Earlier today Mikati called for strengthening Lebanon and to avoid being dragged into anything that might harm stability, National News Agency reported.

“The problems in Lebanon cannot bear to be increased by reactions to what is going on in some Arab countries – the repercussions of such reactions could be very bad for Lebanon and particularly Lebanese nationals residing in these Arab countries.” In a possible reference to Syria and Bahrain uprisings

Mikati’s press office denied on Wednesday a report published in the An-Nahar newspaper earlier in the day about a visit to Syria .

The statement issued by the office cited An-Nahar’s report that Mikati’s brother, Taha, visited Damascus on Tuesday to prepare for a “solidarity visit” to Damascus by President Michel Suleiman and the PM-designate.

The newspaper’s report “concerning the goal of the visit is completely unrelated to the truth,” Mikati’s office said in the statement.
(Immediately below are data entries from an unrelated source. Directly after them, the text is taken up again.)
(* Let $m\ge 2$ and let $H_1,\dots,H_k$ be complete graphs, each with at least two vertices. Then for every $n$, $\mathrm{ex}^{\mathrm{col}}(n,(H_1,\dots,H_k),K_m)=\max_{i\le k}\mathcal N(H_i,T_{m-1}(n))$; that is, the maximum of $\sum_{i=1}^k\mathcal N(H_i,G_i)$ over edge-colored $K_m$-free $n$-vertex graphs $G$ is attained by the Tur\'an graph $T_{m-1}(n)$ with all edges of a single color.
   Context: $T_{m-1}(n)$ is the complete $(m-1)$-partite graph on $n$ vertices with parts of size $\lfloor n/(m-1)\rfloor$ or $\lceil n/(m-1)\rceil$. $\mathcal N(H,G)$ is the number of subgraphs of $G$ isomorphic to $H$. For a graph $G$ whose edges are colored with colors $1,\dots,k$, $G_i$ is the subgraph of edges of color $i$; $\mathrm{ex}^{\mathrm{col}}(n,(H_1,\dots,H_k),F)$ is the maximum of $\sum_i\mathcal N(H_i,G_i)$ over all $F$-free $n$-vertex graphs $G$ and all such colorings. *)

theory Defs
  imports Main
begin

definition is_graph :: "nat \<Rightarrow> nat set set \<Rightarrow> bool" where
  "is_graph n E \<longleftrightarrow> (\<forall>e\<in>E. e \<subseteq> {..<n} \<and> card e = 2)"

definition num_cliques :: "nat \<Rightarrow> nat \<Rightarrow> nat set set \<Rightarrow> nat" where
  "num_cliques n r E = card {S. S \<subseteq> {..<n} \<and> card S = r \<and>
      (\<forall>x\<in>S. \<forall>y\<in>S. x \<noteq> y \<longrightarrow> {x, y} \<in> E)}"

definition Km_free :: "nat \<Rightarrow> nat \<Rightarrow> nat set set \<Rightarrow> bool" where
  "Km_free n m E \<longleftrightarrow> num_cliques n m E = 0"

text \<open>Colored count: colors 1..k, the color-i subgraph G_i, and H_i = K_{r i}.\<close>
definition col_count :: "nat \<Rightarrow> nat \<Rightarrow> (nat \<Rightarrow> nat) \<Rightarrow> nat set set \<Rightarrow> (nat set \<Rightarrow> nat) \<Rightarrow> nat" where
  "col_count n k r E c = (\<Sum>i=1..k. num_cliques n (r i) {e\<in>E. c e = i})"

definition ex_col :: "nat \<Rightarrow> nat \<Rightarrow> (nat \<Rightarrow> nat) \<Rightarrow> nat \<Rightarrow> nat" where
  "ex_col n k r m = Max {col_count n k r E c | E c.
      is_graph n E \<and> Km_free n m E \<and> (\<forall>e\<in>E. c e \<in> {1..k})}"

text \<open>Turan graph T_p(n) on {..<n}: parts are residue classes mod p,
  of sizes floor(n/p) or ceil(n/p).\<close>
definition turan :: "nat \<Rightarrow> nat \<Rightarrow> nat set set" where
  "turan n p = {{x, y} | x y. x < n \<and> y < n \<and> x mod p \<noteq> y mod p}"

end

theory Submission
  imports Defs "HOL-Library.Ramsey"
begin

text \<open>
  Weight the vertices by natural numbers and count each monochromatic clique with the product
  of the weights of its vertices, i.e. count in a blow-up of the coloured graph. For two
  non-adjacent vertices this count is linear in their two weights, so moving the whole weight
  of one of them onto the other does not decrease it for one of the two choices (Zykov
  symmetrisation). Iterating, all weight ends up on a clique \<open>P\<close> of \<open>G\<close>, which has fewer than
  \<open>m\<close> vertices. On the complete graph on \<open>P\<close>, let one vertex copy the colours of another: the
  two ways of doing this average to at least the original count, so the maximising colourings
  are closed under copying, and copying leads from one of them to a monochromatic one. Its count
  is an elementary symmetric sum of at most \<open>m - 1\<close> weights with total \<open>n\<close>; this is largest
  for balanced weights, where it counts the cliques of the Turan graph with \<open>m - 1\<close> parts.
\<close>

section \<open>Elementary symmetric sums\<close>

definition elem_sym :: "'a set \<Rightarrow> ('a \<Rightarrow> nat) \<Rightarrow> nat \<Rightarrow> nat" where
  "elem_sym A w r = (\<Sum>S | S \<subseteq> A \<and> card S = r. \<Prod>x\<in>S. w x)"

lemma subsets_card_Suc_insert:
  assumes "finite A" "a \<notin> A"
  shows "{S. S \<subseteq> insert a A \<and> card S = Suc r}
    = {S. S \<subseteq> A \<and> card S = Suc r} \<union> insert a ` {S. S \<subseteq> A \<and> card S = r}"
proof (intro set_eqI iffI)
  fix S assume S: "S \<in> {S. S \<subseteq> insert a A \<and> card S = Suc r}"
  show "S \<in> {S. S \<subseteq> A \<and> card S = Suc r} \<union> insert a ` {S. S \<subseteq> A \<and> card S = r}"
  proof (cases "a \<in> S")
    case True
    then have "S = insert a (S - {a})" "S - {a} \<subseteq> A" "card (S - {a}) = r"
      using S by auto
    then show ?thesis by blast
  qed (use S in auto)
next
  fix S assume "S \<in> {S. S \<subseteq> A \<and> card S = Suc r} \<union> insert a ` {S. S \<subseteq> A \<and> card S = r}"
  then show "S \<in> {S. S \<subseteq> insert a A \<and> card S = Suc r}"
  proof
    assume "S \<in> insert a ` {S. S \<subseteq> A \<and> card S = r}"
    then obtain T where "T \<subseteq> A" "card T = r" "S = insert a T" by blast
    moreover have "finite T" "a \<notin> T" using calculation assms finite_subset by auto
    ultimately show ?thesis by auto
  qed auto
qed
Mikati was appointed in January as the PM designate with the backing of the Hezbollah March 8 alliance and MPs Walid Jumblatt and Mohammad Safadi . March 14 leaders have repeatedly said that intimidation from Hezbollah’s weapons helped secure the parliamentary majority for Mikati’s nomination.

Syrian President Bashar al-Assad has been facing the biggest challenge to his rule. Popular protests demanding greater freedoms and an end to corruption erupted over a month ago in southern Syria and spread to the capital Damascus and most cities in Syria. Last Friday witnessed the largest ever protest and there are reports pointing to more protests this coming Friday since the Christians were urged to participate on Great Friday.
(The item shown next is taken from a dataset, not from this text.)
(* In the setting below, the map $\phi:\mathcal{F}(\mathcal{P}_\lambda)\to\mathcal{F}(\Gamma_{\mathbf{k}})$ is an isomorphism of posets (with both sides ordered by inclusion), and $\dim\phi(F)=\dim F$ for every face $F$ of $\mathcal{P}_\lambda$.
   Context: Let $\mathbf{k}=(k_1,\dots,k_s)$ be positive integers with sum $n$, $n_0=0$, $n_i=\sum_{j\le i}k_j$, and $\lambda=(\lambda_1,\dots,\lambda_n)$ real with $\lambda_1=\cdots=\lambda_{n_1}>\lambda_{n_1+1}=\cdots=\lambda_{n_2}>\cdots>\lambda_{n_{s-1}+1}=\cdots=\lambda_n$. Let $I=\{(i,j)\in\mathbb{Z}^2:i,j\ge1,i+j\le n\}$; $\mathcal{P}_\lambda=\{x=(x_{i,j})_{(i,j)\in I}: x_{i,j+1}\ge x_{i,j}\ge x_{i+1,j}\ \forall (i,j)\in I\}$ with $x_{i,n+1-i}:=\lambda_i$; $\mathcal{F}(\mathcal{P}_\lambda)$ is its set of nonempty faces. $Q^+$ is the directed graph on $\mathbb{Z}_{\ge0}^2$ with edges $((i,j),(i,j+1))$, $((i,j),(i+1,j))$. Terminal vertices $T_{\mathbf{k}}=\{(n_\ell,n-n_\ell):0\le\ell\le s\}$; $\Gamma_{\mathbf{k}}$ is the induced subgraph of $Q^+$ on $\{(a,b):a\le c,b\le d\text{ for some }(c,d)\in T_{\mathbf{k}}\}$. A positive path is a shortest directed path in $\Gamma_{\mathbf{k}}$ from $(0,0)$ to a terminal vertex. A face of $\Gamma_{\mathbf{k}}$ is a subgraph containing all terminal vertices that is a union of positive paths; $\mathcal{F}(\Gamma_{\mathbf{k}})$ is the set of faces; the dimension of a face $\gamma$ is $\operatorname{rank}H_1(\gamma)$ viewing $\gamma$ as a 1-dimensional CW complex. For a face $F$ of $\mathcal{P}_\lambda$, $\phi(F)$ is the subgraph of $Q^+$ whose edges are: all $((0,i),(0,i+1))$ and $((i,0),(i+1,0))$, $0\le i\le n-1$; $((i-1,j),(i,j))$ for $(i,j)\in I$ whenever some $x\in F$ has $x_{i,j}<x_{i,j+1}$; $((i,j-1),(i,j))$ for $(i,j)\in I$ whenever some $x\in F$ has $x_{i,j}>x_{i+1,j}$; its vertices are the endpoints of these edges. *)

theory Defs
  imports "HOL-Analysis.Analysis" "HOL-Library.Function_Algebras"
begin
Just like the Egyptian, Tunisian and Libyan regimes the Syrian regime has been blaming foreigners for the protests. Last week the Syrian regime accused a Lebanese Future movement legislator of funding and arming the opposition to fuel a wave of protests in the country, a charge that was repeatedly denied by the party and MP Jamal al Jarrah.

Mikati called his Bahraini counterpart Prince Khalifa bin Salman al-Khalifa on Tuesday thanking him for his efforts in halting deportation of Lebanese expatriates residing in the Gulf state and thanked Bahraini King Hamad for his cooperation with Lebanon’s request that its expatriates not be blindly expelled .
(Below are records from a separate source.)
lemma is_grading_gen_eigenspaces:
  assumes "alg_closed TYPE('k)" "finite B" "span B = UNIV"
  shows "is_grading scale mul (roots scale D) (gen_eigenspace scale D)"
  unfolding is_grading_def
proof (intro conjI ballI allI impI)
  fix g h assume "g \<in> roots scale D" "h \<in> roots scale D"
    "subsp_prod scale mul (gen_eigenspace scale D g) (gen_eigenspace scale D h) \<noteq> {0}"
  then show "\<exists>k\<in>roots scale D.
    subsp_prod scale mul (gen_eigenspace scale D g) (gen_eigenspace scale D h) \<subseteq> gen_eigenspace scale D k"
    using root_subsp_prod_gen_eigenspaces subsp_prod_gen_eigenspaces by blast
qed (use subspace_gen_eigenspace span_gen_eigenspaces[OF assms] gen_eigenspaces_independent in auto)

end

lemma not_realized_in_semigroup_if_nonassociative:
  fixes scale :: "'k::field \<Rightarrow> 'a::ab_group_add \<Rightarrow> 'a" and mul :: "'a \<Rightarrow> 'a \<Rightarrow> 'a"
    and V :: "'g \<Rightarrow> 'a set" and P :: "'g \<Rightarrow> 'g \<Rightarrow> 'a set"
  defines "P g h \<equiv> subsp_prod scale mul (V g) (V h)"
  assumes "{g, h, k, gh, hk, p, q} \<subseteq> G" "p \<noteq> q"
    and "P g h \<noteq> {0}" "P g h \<subseteq> V gh" "P gh k \<noteq> {0}" "P gh k \<subseteq> V p"
    and "P h k \<noteq> {0}" "P h k \<subseteq> V hk" "P g hk \<noteq> {0}" "P g hk \<subseteq> V q"
  shows "\<not> realized_in_semigroup scale mul G V S op \<phi>"
proof
  assume "realized_in_semigroup scale mul G V S op \<phi>"
  then have "is_semigroup S op" "inj_on \<phi> G" "\<phi> ` G \<subseteq> S"
    and hom: "\<forall>a\<in>G. \<forall>b\<in>G. \<forall>c\<in>G. P a b \<noteq> {0} \<and> P a b \<subseteq> V c \<longrightarrow> \<phi> c = op (\<phi> a) (\<phi> b)"
    unfolding realized_in_semigroup_def P_def by auto
  have G: "g \<in> G" "h \<in> G" "k \<in> G" "gh \<in> G" "hk \<in> G" "p \<in> G" "q \<in> G"
    using assms(2) by auto
  have "\<phi> p = op (\<phi> gh) (\<phi> k)" "\<phi> gh = op (\<phi> g) (\<phi> h)"
    "\<phi> q = op (\<phi> g) (\<phi> hk)" "\<phi> hk = op (\<phi> h) (\<phi> k)"
    using hom G assms(4-11) by blast+
  moreover have "\<phi> g \<in> S" "\<phi> h \<in> S" "\<phi> k \<in> S" using G \<open>\<phi> ` G \<subseteq> S\<close> by auto
  ultimately have "\<phi> p = \<phi> q" using \<open>is_semigroup S op\<close> by (simp add: is_semigroup_def)
  then show False using \<open>inj_on \<phi> G\<close> G assms(3) by (auto dest: inj_onD)
qed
Earlier this month, Bahrain deported 16 Lebanese, 14 of them Shia, over “security concerns” amid persistent unrest in the tiny Gulf state.

Bahrain interior minister Sheikh Rashed bin Abdullah al-Khalifa linked Hezbollah to the protests during his address to the parliament on March 29

He accused the predominantly Shiite protesters of being linked to” the Iranian-backed Hezbollah, “as proven by the demonstrators’ methods as well as statements of support from the Lebanese Shiite group and Tehran.”

“All this reveals a link and the training style of Hezbollah,” the interior minister said.